lemma cycle_from_perm:
  assumes p: "p permutes {0..<n}" and i: "p i \<noteq> i"
    and arcs: "\<And>x. p x \<noteq> x \<Longrightarrow> P x (p x)"
  shows "\<exists>L. 2 \<le> L \<and> L \<le> card {x. p x \<noteq> x} \<and> has_k_cycle n P L"
proof -
  define T where "T = {x. p x \<noteq> x}"
  define L where "L = funpow_dist1 p i i"
  define vs where "vs = map (\<lambda>j. (p ^^ j) i) [0..<L]"
  have T: "T \<subseteq> {0..<n}" using p by (auto simp: T_def dest: permutes_not_in)
  have pT: "p permutes T" using p unfolding T_def permutes_def by simp
  have "permutation p" using p by (auto simp: permutation_permutes)
  then have orb: "i \<in> orbit p i" by (rule permutation_self_in_orbit)
  have returns: "(p ^^ L) i = i" unfolding L_def by (rule funpow_dist1_prop[OF orb])
  have "inj_on (\<lambda>j. (p ^^ j) i) {0..<L}" unfolding L_def by (rule inj_on_funpow_dist1[OF orb])
  then have dist: "distinct vs" unfolding vs_def distinct_map by simp
  have vsT: "set vs \<subseteq> T"
    using permutes_orbit_subset[OF pT] funpow_in_orbit[OF orb] i unfolding vs_def T_def by auto
  have len: "length vs = L" by (simp add: vs_def)
  have L_card: "L \<le> card T"
    using card_mono[OF finite_subset[OF T finite_atLeastLessThan] vsT] distinct_card[OF dist] len
    by simp
  have "L \<noteq> 1" using returns i by auto
  then have L2: "2 \<le> L" unfolding L_def by simp
  have "has_k_cycle n P L"
    unfolding has_k_cycle_def
  proof (intro exI[of _ vs] conjI allI impI)
    show "length vs = L" "1 \<le> L" "distinct vs" "set vs \<subseteq> {..<n}"
      using len L2 dist vsT T by auto
    fix j assume j: "j < L"
    have "(p ^^ j) i \<in> T" using vsT j unfolding vs_def by auto
    then have arc: "P ((p ^^ j) i) ((p ^^ Suc j) i)" using arcs unfolding T_def by auto
    have "vs ! ((j + 1) mod L) = (p ^^ Suc j) i"
    proof (cases "Suc j < L")
      case False
      then have "Suc j = L" using j by simp
      then show ?thesis using returns L2 by (simp add: vs_def)
    qed (simp add: vs_def)
    then show "P (vs ! j) (vs ! ((j + 1) mod L))" using arc j by (simp add: vs_def)
  qed
  then show ?thesis using L2 L_card unfolding T_def by blast
qed

lemma char_poly_matrix_entry:
  assumes "A \<in> carrier_mat n n" and "i < n" and "j < n"
  shows "char_poly_matrix A $$ (i, j) = (if i = j then [:0,1:] else 0) + [:- A $$ (i, j):]"
  using assms unfolding char_poly_matrix_def by auto

text \<open>At most n diagonal positions are starred, so for m \<ge> 1 the exponent n - m is below n.\<close>
lemma num_nonzero_diag_le: "num_nonzero_diag n P \<le> n"
  unfolding num_nonzero_diag_def using card_mono[of "{..<n}" "{i. i < n \<and> P i i}"] by auto

text \<open>In the Leibniz term of p only the fixed points of p contribute a factor of
  degree 1; the others are constants.\<close>
lemma degree_leibniz_product:
  assumes A: "A \<in> carrier_mat n n" and p: "p permutes {0..<n}"
  shows "degree (\<Prod>i = 0..<n. char_poly_matrix A $$ (i, p i)) \<le> n - card {x. p x \<noteq> x}"
proof -
  define T where "T = {x. p x \<noteq> x}"
  have T: "T \<subseteq> {0..<n}" using p by (auto simp: T_def dest: permutes_not_in)
  have "degree (\<Prod>i = 0..<n. char_poly_matrix A $$ (i, p i))
        \<le> (\<Sum>i = 0..<n. degree (char_poly_matrix A $$ (i, p i)))"
    using degree_prod_sum_le[of "{0..<n}" "\<lambda>i. char_poly_matrix A $$ (i, p i)"] by (simp add: o_def)
  also have "\<dots> \<le> (\<Sum>i = 0..<n. if i \<in> T then 0 else 1)"
  proof (rule sum_mono)
    fix x assume "x \<in> {0..<n}"
    then have "x < n" "p x < n" using p by (auto simp: permutes_in_image)
    then show "degree (char_poly_matrix A $$ (x, p x)) \<le> (if x \<in> T then 0 else 1)"
      using char_poly_matrix_entry[OF A] by (auto simp: T_def)
  qed
  also have "\<dots> = card ({0..<n} - T)"
    unfolding sum.If_cases[OF finite_atLeastLessThan] by (simp add: Diff_eq)
  also have "\<dots> = n - card T" using T by (simp add: card_Diff_subset finite_subset)
  finally show ?thesis unfolding T_def .
qed

lemma leibniz_product_arcs:
  assumes R: "realization n P A" and p: "p permutes {0..<n}"
    and nz: "(\<Prod>i = 0..<n. char_poly_matrix A $$ (i, p i)) \<noteq> 0" and x: "p x \<noteq> x"
  shows "P x (p x)"
proof -
  have A: "A \<in> carrier_mat n n" using R by (simp add: realization_def)
  have xn: "x < n" using p x permutes_not_in[of p "{0..<n}" x] by auto
  then have pxn: "p x < n" using p by (simp add: permutes_in_image)
  have "char_poly_matrix A $$ (x, p x) \<noteq> 0" using nz xn by auto
  then have "A $$ (x, p x) \<noteq> 0" using char_poly_matrix_entry[OF A xn pxn] x by auto
  then show ?thesis using R xn pxn by (simp add: realization_def)
qed

text \<open>The diagonal Leibniz term is X^(n-m) times the product of X - a_ii over
  the starred diagonal positions, so its coefficient at X^(n-m) is the product of
  the negated (nonzero) starred diagonal entries.\<close>
lemma diagonal_product_coeff:
  assumes R: "realization n P A"
  shows "coeff (\<Prod>i = 0..<n. char_poly_matrix A $$ (i, i)) (n - num_nonzero_diag n P) \<noteq> 0"
proof -
  define S where "S = {i. i < n \<and> P i i}"
  have A: "A \<in> carrier_mat n n" and RP: "\<And>i j. i < n \<Longrightarrow> j < n \<Longrightarrow> A $$ (i, j) \<noteq> 0 \<longleftrightarrow> P i j"
    using R by (auto simp: realization_def)
  have S: "S \<subseteq> {0..<n}" and finS: "finite S" by (auto simp: S_def)
  have diag: "char_poly_matrix A $$ (i, i) = (if i \<in> S then [:- A $$ (i, i), 1:] else monom 1 1)"
    if "i < n" for i
    using char_poly_matrix_entry[OF A that that] RP[OF that that] that
    by (auto simp: S_def monom_altdef)
  have "(\<Prod>i = 0..<n. char_poly_matrix A $$ (i, i))
        = (\<Prod>i\<in>{0..<n} - S. char_poly_matrix A $$ (i, i)) * (\<Prod>i\<in>S. char_poly_matrix A $$ (i, i))"
    by (rule prod.subset_diff[OF S]) simp
  also have "(\<Prod>i\<in>{0..<n} - S. char_poly_matrix A $$ (i, i)) = monom 1 (n - card S)"
    using S diag by (simp add: card_Diff_subset finS monom_altdef power_mult)
  also have "(\<Prod>i\<in>S. char_poly_matrix A $$ (i, i)) = (\<Prod>i\<in>S. [:- A $$ (i, i), 1:])"
    using S diag by (intro prod.cong) auto
  finally have "coeff (\<Prod>i = 0..<n. char_poly_matrix A $$ (i, i)) (n - card S)
                = coeff (\<Prod>i\<in>S. [:- A $$ (i, i), 1:]) 0"
    by (simp add: coeff_monom_mult)
  also have "\<dots> = (\<Prod>i\<in>S. - A $$ (i, i))"
    by (simp add: poly_0_coeff_0[symmetric] poly_prod)
  also have "\<dots> \<noteq> 0" using finS RP by (auto simp: S_def)
  finally show ?thesis unfolding num_nonzero_diag_def S_def .
qed

text \<open>Main lemma: under the cycle condition, only the identity permutation
  contributes to the coefficient of X^(n-m), which is therefore nonzero.\<close>
lemma char_poly_coeff_nonzero:
  fixes A :: "'a::field mat"
  assumes R: "realization n P A" and m: "num_nonzero_diag n P = m"
    and no_cycles: "\<And>k. 2 \<le> k \<Longrightarrow> k \<le> m \<Longrightarrow> \<not> has_k_cycle n P k"
  shows "coeff (char_poly A) (n - m) \<noteq> 0"
proof -
  have A: "A \<in> carrier_mat n n" using R by (simp add: realization_def)
  define leibniz :: "(nat \<Rightarrow> nat) \<Rightarrow> 'a poly" where
    "leibniz p = signof p * (\<Prod>i = 0..<n. char_poly_matrix A $$ (i, p i))" for p
  have other: "coeff (leibniz p) (n - m) = 0" if p: "p permutes {0..<n}" and "p \<noteq> id" for p
  proof (cases "(\<Prod>i = 0..<n. char_poly_matrix A $$ (i, p i)) = 0")
    case True
    then show ?thesis by (simp only: leibniz_def mult_zero_right coeff_0)
  next
    case False
    obtain i where i: "p i \<noteq> i" using \<open>p \<noteq> id\<close> by (metis eq_id_iff)
    obtain L where L: "2 \<le> L" "L \<le> card {x. p x \<noteq> x}" "has_k_cycle n P L"
      using cycle_from_perm[of p n i P, OF p i leibniz_product_arcs[OF R p False]] by blast
    have "m < L" using no_cycles L by (meson not_le_imp_less)
    moreover have "card {x. p x \<noteq> x} \<le> n"
      using p card_mono[of "{0..<n}" "{x. p x \<noteq> x}"] by (auto dest: permutes_not_in)
    ultimately have "degree (leibniz p) < n - m"
      using degree_leibniz_product[OF A p] L(2) by (simp add: leibniz_def degree_signof_mult)
    then show ?thesis by (rule coeff_eq_0)
  qed
  have "coeff (char_poly A) (n - m) = (\<Sum>p | p permutes {0..<n}. coeff (leibniz p) (n - m))"
    unfolding char_poly_def leibniz_def det_def'[OF char_poly_matrix_closed[OF A]] by (rule coeff_sum)
  also have "\<dots> = coeff (leibniz id) (n - m)
      + (\<Sum>p \<in> {p. p permutes {0..<n}} - {id}. coeff (leibniz p) (n - m))"
    by (rule sum.remove) (auto simp: permutes_id finite_permutations)
  also have "\<dots> = coeff (leibniz id) (n - m)"
    using other by (simp add: sum.neutral)
  also have "\<dots> \<noteq> 0"
    using diagonal_product_coeff[OF R] m by (simp add: leibniz_def id_def)
  finally show ?thesis .
qed

theorem corollary4p5:
  fixes n m :: nat and P :: "nat \<Rightarrow> nat \<Rightarrow> bool"
  assumes "num_nonzero_diag n P = m"
    and "m \<ge> 2"
    and "\<forall>k. 2 \<le> k \<and> k \<le> m \<longrightarrow> \<not> has_k_cycle n P k"
  shows "\<not> potentially_nilpotent TYPE('a::field) n P"
proof
  assume "potentially_nilpotent TYPE('a::field) n P"
  then obtain A :: "'a mat" and k where R: "realization n P A" and nil: "A ^\<^sub>m k = 0\<^sub>m n n"
    unfolding potentially_nilpotent_def nilpotent_mat_def by blast
  have A: "A \<in> carrier_mat n n" using R by (simp add: realization_def)
  have "coeff (char_poly A) (n - m) \<noteq> 0"
    using char_poly_coeff_nonzero[OF R assms(1)] assms(3) by blast
  moreover have "n - m \<noteq> n" using num_nonzero_diag_le[of n P] assms(1,2) by linarith
  ultimately show False using char_poly_nilpotent[OF A nil] by (simp add: coeff_monom)
qed
lemma zO_in_Z2:
  assumes special: "special_2group GG" and \<beta>: "module_hom GG n \<rho> \<beta>"
    and c: "trivializes GG n \<rho> \<beta> c" and c': "trivializes GG n' \<rho>' \<beta>' c'"
    and Orb: "Orb \<subseteq> Iset GG n' n \<beta> \<beta>'"
  shows "zO c c' \<in> Z2 (pi0 GG) Orb (orbit_act \<rho> \<rho>')"
proof -
  have in_M: "i' \<in> {1..n'} \<and> i \<in> {1..n}" if "(i', i) \<in> Orb" for i' i
    using Orb Iset_subset_Mset that unfolding Mset_def by blast
  have "cochain2 (pi0 GG) Orb (zO c c')"
    unfolding cochain2_def units_on_def
  proof (intro ballI)
    fix g1 g2 p assume g: "g1 \<in> carrier (pi0 GG)" "g2 \<in> carrier (pi0 GG)" and "p \<in> Orb"
    then obtain i' i where p: "p = (i', i)" and i: "i' \<in> {1..n'}" "i \<in> {1..n}"
      using in_M by (cases p) blast
    have "c' g1 g2 i' \<noteq> 0" "c g1 g2 i \<noteq> 0"
      using c c' g i unfolding trivializes_def cochain2_def units_on_def by blast+
    then show "zO c c' g1 g2 p \<noteq> 0" unfolding p zO_def by simp
  qed
  moreover have "cob2 (pi0 GG) (orbit_act \<rho> \<rho>') (zO c c') g1 g2 g3 (i', i) = 1"
    if g: "g1 \<in> carrier (pi0 GG)" "g2 \<in> carrier (pi0 GG)" "g3 \<in> carrier (pi0 GG)"
      and p: "(i', i) \<in> Orb" for g1 g2 g3 i' i
  proof -
    have i: "i' \<in> {1..n'}" "i \<in> {1..n}" using in_M[OF p] by simp_all
    have a: "alpha GG g1 g2 g3 \<in> pi1 GG" by (rule alpha_in_pi1[OF special g])
    have c_alpha: "cob2 (pi0 GG) (vact \<rho>) c g1 g2 g3 i = \<beta> (alpha GG g1 g2 g3) i"
      using c g i unfolding trivializes_def eq_on_def by blast
    have "cob2 (pi0 GG) (vact \<rho>') c' g1 g2 g3 i' = \<beta>' (alpha GG g1 g2 g3) i'"
      using c' g i unfolding trivializes_def eq_on_def by blast
    also have "\<dots> = \<beta> (alpha GG g1 g2 g3) i" using Iset_beta_eq[OF subsetD[OF Orb p] a] .
    finally have c'_alpha: "cob2 (pi0 GG) (vact \<rho>') c' g1 g2 g3 i' = \<beta> (alpha GG g1 g2 g3) i" .
    have "\<beta> (alpha GG g1 g2 g3) i \<noteq> 0"
      using \<beta> a i unfolding module_hom_def units_on_def by blast
    then show ?thesis unfolding cob2_zO c_alpha c'_alpha by simp
  qed
  ultimately show ?thesis unfolding Z2_def eq_on_def by auto
qed

lemma zO_mult_cob1:
  "zO (\<lambda>g1 g2 i. c g1 g2 i * cob1 G (vact \<rho>) x g1 g2 i)
      (\<lambda>g1 g2 i. c' g1 g2 i * cob1 G (vact \<rho>') x' g1 g2 i) g1 g2 (i', i)
    = zO c c' g1 g2 (i', i) * cob1 G (orbit_act \<rho> \<rho>') (\<lambda>g (j', j). x' g j' / x g j) g1 g2 (i', i)"
  unfolding cob1_def orbit_act_def zO_def ract_def vact_def
  by (simp add: divide_inverse mult_ac)
theorem theorem5:
  fixes lam :: "'z::polish_space measure"
    and Pm :: "'z measure set"
    and nu :: "'z measure \<Rightarrow> 'h::{real_inner,banach,second_countable_topology}"
    and hb :: "nat \<Rightarrow> 'h"
    and P0 :: "'z measure"
    and M :: "'a measure"
    and Z :: "nat \<Rightarrow> 'a \<Rightarrow> 'z"
    and est1 est2 :: "nat \<Rightarrow> 'z list \<Rightarrow> 'z measure"
    and beta :: "nat \<Rightarrow> nat \<Rightarrow> real"
  defines "Phat1 \<equiv> \<lambda>n \<omega>. est1 n (first_half Z n \<omega>)"
    and "Phat2 \<equiv> \<lambda>n \<omega>. est2 n (second_half Z n \<omega>)"
    and "rate \<equiv> \<lambda>n. ell2_norm (beta n) / sqrt (real n)"
  assumes lam: "sigma_finite_measure lam" "sets lam = sets borel"
    and model: "\<forall>P\<in>Pm. prob_space P \<and> sets P = sets borel \<and> absolutely_continuous lam P"
    and onb: "\<forall>k. hb k = 0 \<or> norm (hb k) = 1"
      "\<forall>j k. j \<noteq> k \<longrightarrow> inner (hb j) (hb k) = 0"
      "\<forall>x. (\<lambda>k. inner x (hb k) *\<^sub>R hb k) sums x"
    and P0: "P0 \<in> Pm" "pathwise_differentiable lam Pm nu P0"
    and sample: "prob_space M" "prob_space.indep_vars M (\<lambda>_. borel) Z UNIV"
      "\<forall>i. distr M borel (Z i) = P0"
    and est: "\<forall>n. \<forall>\<omega>\<in>space M. even n \<longrightarrow>
       Phat1 n \<omega> \<in> Pm \<and> Phat2 n \<omega> \<in> Pm \<and>
       pathwise_differentiable lam Pm nu (Phat1 n \<omega>) \<and>
       pathwise_differentiable lam Pm nu (Phat2 n \<omega>)"
    and beta: "\<forall>n. summable (\<lambda>k. (beta n k)\<^sup>2) \<and> (\<forall>k. 0 \<le> beta n k \<and> beta n k \<le> 1)"
    and R: "Op evens M (\<lambda>n \<omega>. reg_rem lam Pm nu hb P0 (beta n) (Phat1 n \<omega>)) rate"
      "Op evens M (\<lambda>n \<omega>. reg_rem lam Pm nu hb P0 (beta n) (Phat2 n \<omega>)) rate"
    and D: "Op evens M (\<lambda>n \<omega>. emp_term lam Pm nu hb P0 (beta n) (Phat1 n \<omega>) (second_half Z n \<omega>)) rate"
      "Op evens M (\<lambda>n \<omega>. emp_term lam Pm nu hb P0 (beta n) (Phat2 n \<omega>) (first_half Z n \<omega>)) rate"
  shows "Op evens M (\<lambda>n \<omega>.
            one_step lam Pm nu hb (beta n) (Phat1 n \<omega>) (second_half Z n \<omega>) (Phat2 n \<omega>) (first_half Z n \<omega>)
            - nu P0
            - ((1/2) *\<^sub>R (reg_bias nu P0 hb (beta n) (Phat1 n \<omega>)
                          + reg_bias nu P0 hb (beta n) (Phat2 n \<omega>))
               + emp_mean (map (\<lambda>i. Z i \<omega>) [0..<n]) (reg_eif lam Pm nu hb P0 (beta n)))) rate
       \<and> ((Op evens M (\<lambda>n \<omega>. reg_bias nu P0 hb (beta n) (Phat1 n \<omega>)) rate
           \<and> Op evens M (\<lambda>n \<omega>. reg_bias nu P0 hb (beta n) (Phat2 n \<omega>)) rate)
          \<longrightarrow> Op evens M (\<lambda>n \<omega>.
                one_step lam Pm nu hb (beta n) (Phat1 n \<omega>) (second_half Z n \<omega>) (Phat2 n \<omega>) (first_half Z n \<omega>)
                - nu P0) rate)"
proof -
  interpret iid_sample lam Pm P0 nu hb M Z
    unfolding iid_sample_def iid_sample_axioms_def differentiable_functional_def
      differentiable_functional_axioms_def dominated_model_def
    using lam model onb P0 sample by auto
  have beta_sq: "\<And>n. summable (\<lambda>k. (beta n k)\<^sup>2)" using beta by blast
  define estimator where "estimator n \<omega> = one_step lam Pm nu hb (beta n) (Phat1 n \<omega>)
    (second_half Z n \<omega>) (Phat2 n \<omega>) (first_half Z n \<omega>)" for n \<omega>
  define bias where "bias n \<omega> = (1/2) *\<^sub>R (reg_bias nu P0 hb (beta n) (Phat1 n \<omega>)
    + reg_bias nu P0 hb (beta n) (Phat2 n \<omega>))" for n \<omega>
  define mean where "mean n \<omega> = emp_mean (map (\<lambda>i. Z i \<omega>) [0..<n]) (reg_eif lam Pm nu hb P0 (beta n))" for n \<omega>
  have expansion: "Op evens M (\<lambda>n \<omega>. estimator n \<omega> - nu P0 - (bias n \<omega> + mean n \<omega>)) rate"
  proof (rule Op_cong)
    show "Op evens M (\<lambda>n \<omega>. (1/2) *\<^sub>R
        ((reg_rem lam Pm nu hb P0 (beta n) (Phat1 n \<omega>)
          + emp_term lam Pm nu hb P0 (beta n) (Phat1 n \<omega>) (second_half Z n \<omega>))
        + (reg_rem lam Pm nu hb P0 (beta n) (Phat2 n \<omega>)
          + emp_term lam Pm nu hb P0 (beta n) (Phat2 n \<omega>) (first_half Z n \<omega>)))) rate"
      using R D by (intro Op_scale Op_add[OF sample(1)])
  qed (intro eventually_evens, simp add: estimator_def bias_def mean_def sample_eq_halves
      one_step_expansion length_halves integrable_reg_eif integral_reg_eif beta_sq)
  have mean: "Op evens M mean rate"
    unfolding mean_def rate_def using beta_sq by (intro Op_sample_mean_reg_eif) auto
  show ?thesis
    unfolding estimator_def[symmetric] bias_def[symmetric] mean_def[symmetric]
  proof (intro conjI impI)
    show "Op evens M (\<lambda>n \<omega>. estimator n \<omega> - nu P0 - (bias n \<omega> + mean n \<omega>)) rate" by (rule expansion)
    assume "Op evens M (\<lambda>n \<omega>. reg_bias nu P0 hb (beta n) (Phat1 n \<omega>)) rate
      \<and> Op evens M (\<lambda>n \<omega>. reg_bias nu P0 hb (beta n) (Phat2 n \<omega>)) rate"
    then have "Op evens M bias rate" unfolding bias_def by (intro Op_scale Op_add[OF sample(1)]) auto
    then have "Op evens M (\<lambda>n \<omega>. (estimator n \<omega> - nu P0 - (bias n \<omega> + mean n \<omega>)) + (bias n \<omega> + mean n \<omega>)) rate"
      using expansion mean by (intro Op_add[OF sample(1)])
    then show "Op evens M (\<lambda>n \<omega>. estimator n \<omega> - nu P0) rate" by simp
  qed
qed

end
text \<open>Write S = Q[kappa, w3]. Since a12 \<noteq> 0, kappa / a12 is monic of degree 2 in w1, so every
  polynomial has the form P(w2) + w1 * Q(w2) with P, Q polynomials over S. Both reflections fix S
  pointwise, and sigma1 fixes w2 but sends w1 to w1 - alpha1 with alpha1 \<noteq> 0; hence an invariant
  is P(w2) for one such P. For every g in the group, P(g w2) = g (P(w2)) = P(w2), so P - P(w2)
  vanishes on the orbit of w2. When a12 a21 \<ge> 4 the w2-coefficient of (sigma1 sigma2)^n w2 grows
  strictly with n, the orbit is infinite, and therefore P is the constant P(w2) \<in> S.\<close>

locale comm_ring_hom =
  fixes h :: "'a::comm_ring_1 \<Rightarrow> 'b::comm_ring_1"
  assumes hom_add: "h (x + y) = h x + h y"
    and hom_mult: "h (x * y) = h x * h y"
    and hom_one [simp]: "h 1 = 1"
begin

lemma hom_zero [simp]: "h 0 = 0"
  using hom_add[of 0 0] by simp

lemma hom_uminus: "h (- x) = - h x"
  using hom_add[of x "- x"] by (simp add: eq_neg_iff_add_eq_0 add.commute)

lemma hom_diff: "h (x - y) = h x - h y"
  using hom_add[of x "- y"] by (simp add: hom_uminus)

lemma hom_of_nat: "h (of_nat n) = of_nat n"
  by (induction n) (simp_all add: hom_add)

lemma hom_of_int: "h (of_int k) = of_int k"
  by (cases k rule: int_cases) (simp_all add: hom_uminus hom_of_nat del: of_nat_Suc)

lemma hom_power: "h (x ^ n) = h x ^ n"
  by (induction n) (simp_all add: hom_mult)

lemma hom_poly_map_poly:
  assumes "F 0 = 0"
  shows "h (poly (map_poly F p) z) = poly (map_poly (h \<circ> F) p) (h z)"
  by (induction p) (simp_all add: assms map_poly_pCons hom_add hom_mult)

end

lemma comm_ring_hom_id: "comm_ring_hom id"
  by unfold_locales simp_all

lemma comm_ring_hom_comp: "comm_ring_hom f \<Longrightarrow> comm_ring_hom g \<Longrightarrow> comm_ring_hom (f \<circ> g)"
  by (simp add: comm_ring_hom_def)

lemma comm_ring_hom_poly_eval:
  assumes "comm_ring_hom F"
  shows "comm_ring_hom (\<lambda>p. poly (map_poly F p) c)"
proof -
  interpret F: comm_ring_hom F by fact
  have map_add: "map_poly F (p + q) = map_poly F p + map_poly F q" for p q
    by (intro poly_eqI) (simp add: coeff_map_poly F.hom_add)
  have "poly (map_poly F (p * q)) c = poly (map_poly F p) c * poly (map_poly F q) c" for p q
    by (induction p)
      (simp_all add: map_add map_poly_pCons map_poly_smult F.hom_mult algebra_simps)
  then show ?thesis
    by unfold_locales (simp_all add: map_add)
qed

lemma poly_map_poly_mem_subring:
  assumes "0 \<in> T" "\<And>x y. x \<in> T \<Longrightarrow> y \<in> T \<Longrightarrow> x + y \<in> T"
    "\<And>x y. x \<in> T \<Longrightarrow> y \<in> T \<Longrightarrow> x * y \<in> T"
    "F 0 = 0" "\<And>c. F c \<in> T" "z \<in> T"
  shows "poly (map_poly F p) z \<in> T"
  by (induction p) (simp_all add: assms map_poly_pCons)

lemma comm_ring_hom_cst3: "comm_ring_hom cst3"
  by unfold_locales (simp_all add: cst3_def one_pCons)

interpretation cst3: comm_ring_hom cst3
  by (rule comm_ring_hom_cst3)

definition subalg2_eval :: "mpoly3 \<Rightarrow> mpoly3 \<Rightarrow> rat poly poly \<Rightarrow> mpoly3" where
  "subalg2_eval k z q = poly (map_poly (\<lambda>r. poly (map_poly cst3 r) k) q) z"

lemma subalg2_eq_range: "subalg2 k z = range (subalg2_eval k z)"
  by (auto simp: subalg2_def subalg2_eval_def)

lemma comm_ring_hom_subalg2_eval: "comm_ring_hom (subalg2_eval k z)"
  unfolding subalg2_eval_def[abs_def] by (intro comm_ring_hom_poly_eval comm_ring_hom_cst3)

interpretation subalg2_eval: comm_ring_hom "subalg2_eval k z" for k z
  by (rule comm_ring_hom_subalg2_eval)

lemma subalg2_eval_monomials [simp]:
  "subalg2_eval k z [:[:c:]:] = cst3 c" "subalg2_eval k z [:[:0, c:]:] = cst3 c * k"
  "subalg2_eval k z [:0, [:c:]:] = cst3 c * z" "subalg2_eval k z [:0, 1:] = z"
  by (simp_all add: subalg2_eval_def map_poly_pCons cst3_def one_pCons[symmetric])

lemma comm_ring_hom_subalg2_eval_commute:
  assumes "comm_ring_hom h" "\<And>c. h (cst3 c) = cst3 c"
  shows "h (subalg2_eval k z q) = subalg2_eval (h k) (h z) q"
proof -
  interpret h: comm_ring_hom h by fact
  have "h \<circ> cst3 = cst3" using assms(2) by auto
  then show ?thesis
    by (simp add: subalg2_eval_def h.hom_poly_map_poly map_poly_map_poly comp_def)
qed

lemma subst3_eq_subalg2_eval: "subst3 p a b c = poly (map_poly (subalg2_eval a b) p) c"
  by (simp add: subst3_def subalg2_eval_def[abs_def])

lemma comm_ring_hom_subst3: "comm_ring_hom (\<lambda>p. subst3 p a b c)"
  unfolding subst3_def by (intro comm_ring_hom_poly_eval comm_ring_hom_cst3)

interpretation subst3: comm_ring_hom "\<lambda>p. subst3 p a b c" for a b c
  by (rule comm_ring_hom_subst3)

lemma subst3_cst3 [simp]: "subst3 (cst3 c) a b d = cst3 c"
  by (simp add: subst3_def cst3_def map_poly_pCons)

text \<open>The first equation is stated for Suc 0, the simp normal form of the index 1.\<close>

lemma subst3_var3 [simp]:
  "subst3 (var3 (Suc 0)) a b c = a" "subst3 (var3 2) a b c = b" "subst3 (var3 3) a b c = c"
  by (simp_all add: subst3_def cst3_def var3_def map_poly_pCons one_pCons[symmetric])

lemma subst3_vars: "subst3 p (var3 1) (var3 2) (var3 3) = p"
proof -
  have inner: "poly (map_poly cst3 r) (var3 1) = [:[:r:]:]" for r
    by (induction r) (simp_all add: map_poly_pCons cst3_def var3_def)
  have middle: "poly (map_poly (\<lambda>r. [:[:r:]:]) q) (var3 2) = [:q:]" for q
    by (induction q) (simp_all add: map_poly_pCons var3_def)
  have outer: "poly (map_poly (\<lambda>q. [:q:]) p) (var3 3) = p" for p :: mpoly3
    by (induction p) (simp_all add: map_poly_pCons var3_def)
  show ?thesis unfolding subst3_def inner middle outer ..
qed

lemma comm_ring_hom_subst3_commute:
  assumes "comm_ring_hom h" "\<And>c. h (cst3 c) = cst3 c"
  shows "h (subst3 p a b c) = subst3 p (h a) (h b) (h c)"
proof -
  interpret h: comm_ring_hom h by fact
  have "h \<circ> subalg2_eval a b = subalg2_eval (h a) (h b)"
    using comm_ring_hom_subalg2_eval_commute[OF assms] by auto
  then show ?thesis by (simp add: subst3_eq_subalg2_eval h.hom_poly_map_poly)
qed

◆ **TASK ITEM**: Starting from the line with "b = subalg2_eval" and ending with the final line of the data, quote every line exactly, both ends included.

◆ **EXPECTED OUTPUT**:
  have "h \<circ> subalg2_eval a b = subalg2_eval (h a) (h b)"
    using comm_ring_hom_subalg2_eval_commute[OF assms] by auto
  then show ?thesis by (simp add: subst3_eq_subalg2_eval h.hom_poly_map_poly)
qed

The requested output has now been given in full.